* EXERCISE: Take every line from the entries below that includes the word "also" and copy it.

+++

section \<open>The resolvent of a symmetric matrix of bounded norm\<close>

lemma mat_inv_eqI:
  fixes A B :: "real mat"
  assumes A: "A \<in> carrier_mat n n" and B: "B \<in> carrier_mat n n"
    and AB: "A * B = 1\<^sub>m n" and BA: "B * A = 1\<^sub>m n"
  shows "mat_inv n A = B"
  unfolding mat_inv_def
proof (rule the_equality)
  fix B' assume "B' \<in> carrier_mat n n \<and> A * B' = 1\<^sub>m n \<and> B' * A = 1\<^sub>m n"
  then have B': "B' \<in> carrier_mat n n" and B'A: "B' * A = 1\<^sub>m n"
    by auto
  have "B' = B' * (A * B)"
    using AB B' by simp
  also have "\<dots> = (B' * A) * B"
    using B' A B by (simp add: assoc_mult_mat)
  also have "\<dots> = B"
    using B'A B by simp
  finally show "B' = B" .
qed (use assms in auto)

lemma mat_inv_right:
  fixes A :: "real mat"
  assumes A: "A \<in> carrier_mat n n" and "det A \<noteq> 0"
  shows "mat_inv n A \<in> carrier_mat n n" and "A * mat_inv n A = 1\<^sub>m n"
proof -
  have "A \<in> Units (ring_mat TYPE(real) n undefined)"
    by (rule det_non_zero_imp_unit[OF assms])
  then obtain B where B: "B \<in> carrier_mat n n" "B * A = 1\<^sub>m n" "A * B = 1\<^sub>m n"
    unfolding Units_def ring_mat_def by auto
  with mat_inv_eqI[OF A B(1) B(3) B(2)]
  show "mat_inv n A \<in> carrier_mat n n" and "A * mat_inv n A = 1\<^sub>m n"
    by simp_all
qed

(* The lemmas named resolvent_... are about solutions w of x w - A w = 1, i.e. w = (xI - A)^{-1} 1. *)

locale symmetric_bounded =
  fixes n :: nat and a :: "nat \<Rightarrow> nat \<Rightarrow> real" and r :: real
  assumes symmetric: "symmetric_on n a"
    and bound_nonneg: "0 \<le> r"
    and norm_bound: "dot n (matvec n a v) (matvec n a v) \<le> r\<^sup>2 * dot n v v"
begin

lemma abs_dot_matvec_le: "\<bar>dot n v (matvec n a v)\<bar> \<le> r * dot n v v"
proof -
  have "(dot n v (matvec n a v))\<^sup>2 \<le> dot n v v * dot n (matvec n a v) (matvec n a v)"
    by (rule dot_cauchy_schwarz)
  also have "\<dots> \<le> dot n v v * (r\<^sup>2 * dot n v v)"
    using norm_bound dot_self_nonneg by (rule mult_left_mono)
  also have "\<dots> = (r * dot n v v)\<^sup>2"
    by (simp add: power2_eq_square)
  finally have "\<bar>dot n v (matvec n a v)\<bar>\<^sup>2 \<le> (r * dot n v v)\<^sup>2"
    by simp
  moreover have "0 \<le> r * dot n v v"
    using bound_nonneg dot_self_nonneg by (rule mult_nonneg_nonneg)
  ultimately show ?thesis
    by (rule power2_le_imp_le)
qed

lemma dot_shift_ge: "(x - r) * dot n v v \<le> dot n v (\<lambda>i. x * v i - matvec n a v i)"
proof -
  have "dot n v (matvec n a v) \<le> r * dot n v v"
    using abs_dot_matvec_le[of v] by linarith
  then show ?thesis
    by (simp add: dot_scale_diff_right left_diff_distrib)
qed

lemma shift_kernel_trivial:
  assumes x: "r < x" and ker: "\<And>i. i < n \<Longrightarrow> x * v i - matvec n a v i = 0" and "i < n"
  shows "v i = 0"
proof -
  have "dot n v (\<lambda>i. x * v i - matvec n a v i) = 0"
    by (simp add: dot_def ker)
  with dot_shift_ge[of x v] have "(x - r) * dot n v v \<le> 0"
    by simp
  with x dot_self_nonneg[of n v] have "dot n v v = 0"
    by (simp add: mult_le_0_iff)
  then show ?thesis
    using dot_self_eq_0D \<open>i < n\<close> by blast
qed

lemma resolvent_unique:
  assumes x: "r < x"
    and w: "\<And>i. i < n \<Longrightarrow> x * w i - matvec n a w i = 1"
    and w': "\<And>i. i < n \<Longrightarrow> x * w' i - matvec n a w' i = 1" and "i < n"
  shows "w i = w' i"
proof -
  have "(\<lambda>j. w j - w' j) i = 0"
  proof (rule shift_kernel_trivial[OF x _ \<open>i < n\<close>])
    fix j assume "j < n"
    with w w' show "x * (w j - w' j) - matvec n a (\<lambda>j. w j - w' j) j = 0"
      by (simp add: matvec_diff algebra_simps)
  qed
  then show ?thesis
    by simp
qed

lemma resolvent_dot_pos:
  assumes w: "\<And>i. i < n \<Longrightarrow> x * w i - matvec n a w i = 1" and n: "0 < n"
  shows "0 < dot n w w"
proof (rule ccontr)
  assume "\<not> 0 < dot n w w"
  then have "dot n w w = 0"
    using dot_self_nonneg[of n w] by simp
  then have "\<And>i. i < n \<Longrightarrow> w i = 0"
    using dot_self_eq_0D by blast
  then have "w 0 = 0" and "matvec n a w 0 = 0"
    using n by (simp_all add: matvec_def)
  with w[OF n] show False
    by simp
qed

lemma resolvent_sum_ge:
  assumes w: "\<And>i. i < n \<Longrightarrow> x * w i - matvec n a w i = 1"
  shows "(x - r) * dot n w w \<le> (\<Sum>i<n. w i)"
proof -
  have "(\<Sum>i<n. w i) = dot n w (\<lambda>i. x * w i - matvec n a w i)"
    unfolding dot_def by (rule sum.cong) (auto simp: w)
  with dot_shift_ge[of x w] show ?thesis
    by simp
qed

lemma resolvent_sum_pos:
  assumes x: "r < x" and w: "\<And>i. i < n \<Longrightarrow> x * w i - matvec n a w i = 1" and n: "0 < n"
  shows "0 < (\<Sum>i<n. w i)"
proof -
  have "0 < (x - r) * dot n w w"
    using x resolvent_dot_pos[OF w n] by simp
  then show ?thesis
    using resolvent_sum_ge[OF w] by linarith
qed

lemma resolvent_sum_le:
  assumes x: "r < x" and w: "\<And>i. i < n \<Longrightarrow> x * w i - matvec n a w i = 1" and n: "0 < n"
  shows "(\<Sum>i<n. w i) \<le> real n / (x - r)"
proof -
  define S where "S = (\<Sum>i<n. w i)"
  have S: "0 < S"
    unfolding S_def by (rule resolvent_sum_pos[OF x w n])
  have "S * S = (dot n (\<lambda>_. 1) w)\<^sup>2"
    by (simp add: S_def dot_def power2_eq_square)
  also have "\<dots> \<le> dot n (\<lambda>_. 1) (\<lambda>_. 1) * dot n w w"
    by (rule dot_cauchy_schwarz)
  also have "\<dots> = real n * dot n w w"
    by (simp add: dot_def)
  also have "\<dots> \<le> real n * (S / (x - r))"
    using resolvent_sum_ge[OF w] x by (intro mult_left_mono) (simp_all add: S_def pos_le_divide_eq mult.commute)
  also have "\<dots> = S * (real n / (x - r))"
    by simp
  finally have "S * S \<le> S * (real n / (x - r))" .
  then have "S \<le> real n / (x - r)"
    using S by (rule mult_left_le_imp_le)
  then show ?thesis
    by (simp add: S_def)
qed

lemma resolvent_sum_strict_decreasing:
  assumes x: "r < x" and xy: "x < y" and n: "0 < n"
    and u: "\<And>i. i < n \<Longrightarrow> x * u i - matvec n a u i = 1"
    and z: "\<And>i. i < n \<Longrightarrow> y * z i - matvec n a z i = 1"
  shows "(\<Sum>i<n. z i) < (\<Sum>i<n. u i)"
proof -
  \<comment> \<open>by symmetry the difference of the sums is (y - x) <u, z>, and <u - z, z> \<ge> 0 by coercivity\<close>
  have Su: "(\<Sum>i<n. u i) = dot n u (\<lambda>i. y * z i - matvec n a z i)"
    unfolding dot_def by (rule sum.cong) (auto simp: z)
  have Sz: "(\<Sum>i<n. z i) = dot n z (\<lambda>i. x * u i - matvec n a u i)"
    unfolding dot_def by (rule sum.cong) (auto simp: u)
  have "dot n z (matvec n a u) = dot n u (matvec n a z)"
    using dot_matvec_symmetric[OF symmetric, of z u] dot_commute[of n "matvec n a z" u] by simp
  then have diff: "(\<Sum>i<n. u i) - (\<Sum>i<n. z i) = (y - x) * dot n u z"
    using Su Sz dot_commute[of n z u] by (simp add: dot_scale_diff_right algebra_simps)
  define d where "d = (\<lambda>i. u i - z i)"
  have "x * d i - matvec n a d i = (y - x) * z i" if "i < n" for i
    using u[OF that] z[OF that] by (simp add: d_def matvec_diff algebra_simps)
  then have "dot n d (\<lambda>i. x * d i - matvec n a d i) = (y - x) * dot n d z"
    by (simp add: dot_def sum_distrib_left mult_ac)
  with dot_shift_ge[of x d] have "(x - r) * dot n d d \<le> (y - x) * dot n d z"
    by simp
  moreover have "0 \<le> (x - r) * dot n d d"
    using x dot_self_nonneg[of n d] by (intro mult_nonneg_nonneg) auto
  ultimately have "0 \<le> (y - x) * dot n d z"
    by linarith
  then have "0 \<le> dot n d z"
    using xy by (simp add: zero_le_mult_iff)
  moreover have "dot n u z = dot n z z + dot n d z"
    by (simp add: d_def dot_diff_left)
  ultimately have "0 < dot n u z"
    using resolvent_dot_pos[OF z n] by simp
  then have "0 < (y - x) * dot n u z"
    using xy by simp
  with diff show ?thesis
    by linarith
qed

lemma det_shift_nonzero:
  assumes x: "r < x"
  shows "det (x \<cdot>\<^sub>m 1\<^sub>m n - mat n n (\<lambda>(i, j). a i j)) \<noteq> 0"
proof
  let ?M = "x \<cdot>\<^sub>m 1\<^sub>m n - mat n n (\<lambda>(i, j). a i j)"
  have M: "?M \<in> carrier_mat n n"
    by auto
  assume "det ?M = 0"
  then obtain v where v: "v \<in> carrier_vec n" "v \<noteq> 0\<^sub>v n" "?M *\<^sub>v v = 0\<^sub>v n"
    using det_0_iff_vec_prod_zero[OF M] by auto
  have "x * v $ i - matvec n a (\<lambda>j. v $ j) i = 0" if i: "i < n" for i
  proof -
    have "0 = (?M *\<^sub>v v) $ i"
      using v(3) i by simp
    also have "\<dots> = (\<Sum>j<n. ((if i = j then x else 0) - a i j) * v $ j)"
      using i v(1) by (auto simp: scalar_prod_def atLeast0LessThan intro!: sum.cong)
    also have "\<dots> = x * v $ i - matvec n a (\<lambda>j. v $ j) i"
      by (rule sum_diag_minus_mult[OF i])
    finally show ?thesis
      by simp
  qed
  then have "v $ i = 0" if "i < n" for i
    using shift_kernel_trivial[OF x, of "\<lambda>j. v $ j"] that by blast
  then have "v = 0\<^sub>v n"
    using v(1) by (intro eq_vecI) auto
  with v(2) show False
    by simp
qed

+++

* EXERCISE OUTPUT:
  also have "\<dots> = (B' * A) * B"
  also have "\<dots> = B"
  also have "\<dots> \<le> dot n v v * (r\<^sup>2 * dot n v v)"
  also have "\<dots> = (r * dot n v v)\<^sup>2"
  also have "\<dots> \<le> dot n (\<lambda>_. 1) (\<lambda>_. 1) * dot n w w"
  also have "\<dots> = real n * dot n w w"
  also have "\<dots> \<le> real n * (S / (x - r))"
  also have "\<dots> = S * (real n / (x - r))"
    also have "\<dots> = (\<Sum>j<n. ((if i = j then x else 0) - a i j) * v $ j)"
    also have "\<dots> = x * v $ i - matvec n a (\<lambda>j. v $ j) i"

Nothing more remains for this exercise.